▶ **Problem description**
Pick every line out of the entries below that has the string "noteq", and copy it.

▶ **Data shown**
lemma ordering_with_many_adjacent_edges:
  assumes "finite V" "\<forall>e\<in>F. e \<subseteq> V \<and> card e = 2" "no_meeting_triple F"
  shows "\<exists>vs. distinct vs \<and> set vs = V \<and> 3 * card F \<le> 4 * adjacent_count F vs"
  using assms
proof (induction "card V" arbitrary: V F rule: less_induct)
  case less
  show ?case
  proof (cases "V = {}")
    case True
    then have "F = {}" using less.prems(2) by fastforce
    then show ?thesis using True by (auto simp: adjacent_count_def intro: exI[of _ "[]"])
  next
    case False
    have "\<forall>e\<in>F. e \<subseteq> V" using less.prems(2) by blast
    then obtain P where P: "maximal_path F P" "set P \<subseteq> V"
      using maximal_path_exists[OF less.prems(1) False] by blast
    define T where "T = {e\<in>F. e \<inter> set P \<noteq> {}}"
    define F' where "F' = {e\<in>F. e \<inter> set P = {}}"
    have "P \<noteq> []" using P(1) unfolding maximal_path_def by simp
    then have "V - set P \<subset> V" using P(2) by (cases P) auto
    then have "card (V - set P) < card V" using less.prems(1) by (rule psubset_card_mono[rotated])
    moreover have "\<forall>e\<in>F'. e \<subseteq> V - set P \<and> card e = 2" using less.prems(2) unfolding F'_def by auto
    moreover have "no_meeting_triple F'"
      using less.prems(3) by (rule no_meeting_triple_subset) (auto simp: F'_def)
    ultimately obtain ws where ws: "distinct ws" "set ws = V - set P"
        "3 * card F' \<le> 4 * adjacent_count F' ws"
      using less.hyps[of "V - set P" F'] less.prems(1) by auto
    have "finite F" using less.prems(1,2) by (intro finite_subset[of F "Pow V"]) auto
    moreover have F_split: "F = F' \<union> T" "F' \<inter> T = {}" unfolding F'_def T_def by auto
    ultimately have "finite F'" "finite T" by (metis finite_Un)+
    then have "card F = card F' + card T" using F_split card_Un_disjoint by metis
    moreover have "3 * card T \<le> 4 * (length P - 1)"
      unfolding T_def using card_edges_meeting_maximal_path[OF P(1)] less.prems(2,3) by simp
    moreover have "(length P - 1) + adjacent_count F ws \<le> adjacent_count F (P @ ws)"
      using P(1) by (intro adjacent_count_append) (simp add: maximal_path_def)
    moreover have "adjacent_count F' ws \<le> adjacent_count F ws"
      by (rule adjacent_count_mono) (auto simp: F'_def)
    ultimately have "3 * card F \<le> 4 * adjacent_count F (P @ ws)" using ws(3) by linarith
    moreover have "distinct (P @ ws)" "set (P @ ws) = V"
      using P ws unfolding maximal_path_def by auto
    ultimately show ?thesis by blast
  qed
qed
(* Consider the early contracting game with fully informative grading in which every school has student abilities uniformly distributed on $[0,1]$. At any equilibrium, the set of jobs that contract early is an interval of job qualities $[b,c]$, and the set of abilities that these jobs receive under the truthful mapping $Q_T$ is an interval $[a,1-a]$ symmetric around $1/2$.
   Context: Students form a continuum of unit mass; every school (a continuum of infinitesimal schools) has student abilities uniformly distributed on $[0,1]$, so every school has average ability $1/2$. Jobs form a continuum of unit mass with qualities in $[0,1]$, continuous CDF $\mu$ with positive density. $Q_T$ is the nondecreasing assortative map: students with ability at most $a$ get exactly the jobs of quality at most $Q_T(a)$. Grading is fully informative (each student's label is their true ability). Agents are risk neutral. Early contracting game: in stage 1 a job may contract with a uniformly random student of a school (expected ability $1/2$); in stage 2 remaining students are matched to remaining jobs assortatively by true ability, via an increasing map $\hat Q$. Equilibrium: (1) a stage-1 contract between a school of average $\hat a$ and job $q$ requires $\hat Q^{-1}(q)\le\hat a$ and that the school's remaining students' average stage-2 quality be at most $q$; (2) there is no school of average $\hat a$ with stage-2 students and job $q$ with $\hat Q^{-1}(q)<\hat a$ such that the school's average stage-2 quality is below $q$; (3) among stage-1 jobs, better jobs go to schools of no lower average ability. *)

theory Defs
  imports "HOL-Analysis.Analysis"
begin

▶ **Your response**
    define T where "T = {e\<in>F. e \<inter> set P \<noteq> {}}"
    have "P \<noteq> []" using P(1) unfolding maximal_path_def by simp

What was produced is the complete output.